The pair was likely to find support at 1.2397, Friday's low, and resistance at 1.2578, the high from Nov. 4.
Official data released earlier revealed that Japan’s gross domestic product contracted by an annualized 1.6% in the third quarter following a 7.3% drop in the preceding quarter, which puts the country in a recession.
Economists were forecasting a 2.3% growth rate, and the unexpected contraction sparked concerns that the global economy may be battling headwinds.
Separately, Japanese Prime Minister Shinzo Abe was expected to postpone a planned sales tax increase due to come into effect next year after a sales tax hike in April of this year acted as a drag on growth.
The prime minister was also expected to call for snap elections which could take place as soon as next month.
News of Japan's recession offset mixed U.S. economic indicators.
The Federal Reserve reported earlier that industrial production contracted by 0.1% in October, disappointing expectations for a gain of 0.3%.
Industrial production for September was revised down to a gain of 0.8% from a previously reported increase of 1.0%.
The report showed that the capacity utilization rate, a measure of how fully firms are using their resources, dipped to 78.9% in October from 79.2% in September, missing expectations for a 79.3% reading.
In a separate report, the Federal Reserve Bank of New York said that its general business conditions index increased to 10.2 this month 6.2 in October.

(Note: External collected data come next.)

(* Let $n\ge 3$, $1<k<n/2$ and $p_{se}:=\frac{nk}{n-2k}<p<p_{so}:=\frac{(n+2)k}{n-2k}$. Then problem (1.6) has no regular solution.
   Context: Here $C_{n-1}^{k-1}$ denotes the binomial coefficient. Problem (1.6) is: given $\rho>0$, find $u$ with $$-\tfrac{1}{k}C_{n-1}^{k-1}\big(r^{n-k}|u'|^{k-1}u'\big)'=r^{n-1}u^{p},\quad u(r)>0 \text{ for all } r>0,\qquad u'(0)=0,\ u(0)=\rho .$$ A solution $u$ of (1.6) is called regular if the function $x\mapsto u(|x|)$ belongs to $C^2(\mathbb{R}^n)$. *)

theory Defs
  imports "HOL-Analysis.Analysis"
begin

definition C2_UNIV :: "('a::euclidean_space \<Rightarrow> real) \<Rightarrow> bool" where
  "C2_UNIV f \<longleftrightarrow> (\<exists>(f' :: 'a \<Rightarrow> ('a \<Rightarrow>\<^sub>L real)) (f'' :: 'a \<Rightarrow> ('a \<Rightarrow>\<^sub>L ('a \<Rightarrow>\<^sub>L real))).
      (\<forall>x. (f has_derivative blinfun_apply (f' x)) (at x)) \<and>
      (\<forall>x. (f' has_derivative blinfun_apply (f'' x)) (at x)) \<and>
      continuous_on UNIV f'')"

text \<open>u solves problem (1.6) with parameters n, k, p and initial value rho
  (u is considered on [0,\<infinity>); its values at negative arguments are irrelevant).\<close>
definition solves_problem_1_6 :: "nat \<Rightarrow> nat \<Rightarrow> real \<Rightarrow> real \<Rightarrow> (real \<Rightarrow> real) \<Rightarrow> bool" where
  "solves_problem_1_6 n k p \<rho> u \<longleftrightarrow>
     (\<forall>r>0. u r > 0) \<and> u 0 = \<rho> \<and>
     (u has_real_derivative 0) (at 0 within {0..}) \<and>
     (\<forall>r>0. u differentiable (at r)) \<and>
     (\<forall>r>0. \<exists>D. ((\<lambda>s. s ^ (n - k) * \<bar>deriv u s\<bar> ^ (k - 1) * deriv u s) has_real_derivative D) (at r)
               \<and> - (1 / real k) * real ((n - 1) choose (k - 1)) * D = r ^ (n - 1) * u r powr p)"

text \<open>Regular solution: x \<mapsto> u(|x|) is C^2 on R^n (here R^n = real^'n with CARD('n) = n).\<close>
definition regular_solution_1_6 :: "'n::finite itself \<Rightarrow> nat \<Rightarrow> nat \<Rightarrow> real \<Rightarrow> real \<Rightarrow> (real \<Rightarrow> real) \<Rightarrow> bool" where
  "regular_solution_1_6 _ n k p \<rho> u \<longleftrightarrow>
     solves_problem_1_6 n k p \<rho> u \<and> C2_UNIV (\<lambda>x :: real ^ 'n. u (norm x))"

end

theory Submission
  imports Defs
begin

text \<open>
  Write c = C(n-1,k-1)/k and F = -r^(n-k) |u'|^(k-1) u' for the flux, so that c F' = r^(n-1) u^p > 0.
  Since u'(0) = 0, F is positive and tends to 0 at the origin; hence u decreases and
  F \<ge> r^n u^p / (n c). The resulting differential inequality for u^(1-p/k) gives the decay
  u = O(r^-\<beta>) with \<beta> = 2k/(p-k), and for p > p_se integrating the equation once more gives
  F = O(r^(n-p\<beta>)) and -u' = O(r^(-\<beta>-1)). The Pohozaev-type function
    P = k c/(k+1) r F (-u') + r^n u^(p+1)/(p+1) - c (n-2k)/(k+1) F u
  satisfies P' = (n/(p+1) - (n-2k)/(k+1)) r^(n-1) u^(p+1), which is positive exactly for p < p_so.
  So P is increasing and nonnegative, while the decay bounds give P = O(r^(n-(p+1)\<beta>)) \<rightarrow> 0
  for p < p_so.
\<close>

lemma DERIV_nonneg_imp_ge_right_limit:
  fixes h :: "real \<Rightarrow> real"
  assumes "0 < r"
    and deriv: "\<And>x. 0 < x \<Longrightarrow> x \<le> r \<Longrightarrow> \<exists>y. (h has_real_derivative y) (at x) \<and> 0 \<le> y"
    and lim: "(h \<longlongrightarrow> L) (at_right 0)"
  shows "L \<le> h r"
proof (rule tendsto_le[OF _ tendsto_const lim])
  have "h s \<le> h r" if "0 < s" "s < r" for s
    by (rule DERIV_nonneg_imp_nondecreasing) (use that deriv in auto)
  then show "\<forall>\<^sub>F s in at_right 0. h s \<le> h r"
    unfolding eventually_at_right_field using \<open>0 < r\<close> by blast
qed simp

Analysts had expected the index to rise to 11.1 in November, though a reading above 0.0 indicates improving conditions, which gave the dollar support.
The new orders index rose eleven points to 9.1, and the shipments index advanced eleven points to 11.8.
The index for number of employees edged down to 8.5 but remained positive, indicating that employment levels grew, which also bolstered the greenback.
Indexes for the six-month outlook were generally higher this month and conveyed a strong degree of optimism about future business conditions.
The Empire State index is of interest to traders primarily because it is seen as an early forecast of the Institute for Supply Management's widely-watched factory survey.
Meanwhile in Europe, Germany’s Bundesbank warned in its monthly report that the outlook for growth in the region’s largest economy was likely to remain weak in the next few months.
“The further deterioration in economic expectations and the stagnation of new orders point to a rather sluggish course of economic development in Germany until at least the end of 2014," the Bundesbank said.
“No marked recovery in important euro-area partner countries has yet materialized,” it added.
The report also argued that the European Central Bank should not embark on a larger stimulus program, saying it would not be constructive.
Earlier Monday, data showed that euro zone exports jumped 9% on a year-over-year basis in September, boosting the trade surplus to €17.7 billion, from €15.4 in August. The surge in exports boosted the outlook for third-quarter growth.
Elsewhere, the euro was down against the pound, with EUR/GBP down 0.46% at 0.7957, and down against the yen, with EUR/JPY down 0.45% at 145.02.
The yen dropped earlier on news of Japan's recession though it later bounced back.
On Tuesday, the ZEW Institute is to release its closely watched report on German economic sentiment, a leading indicator of economic health.
The U.S. is to release data on producer price inflation.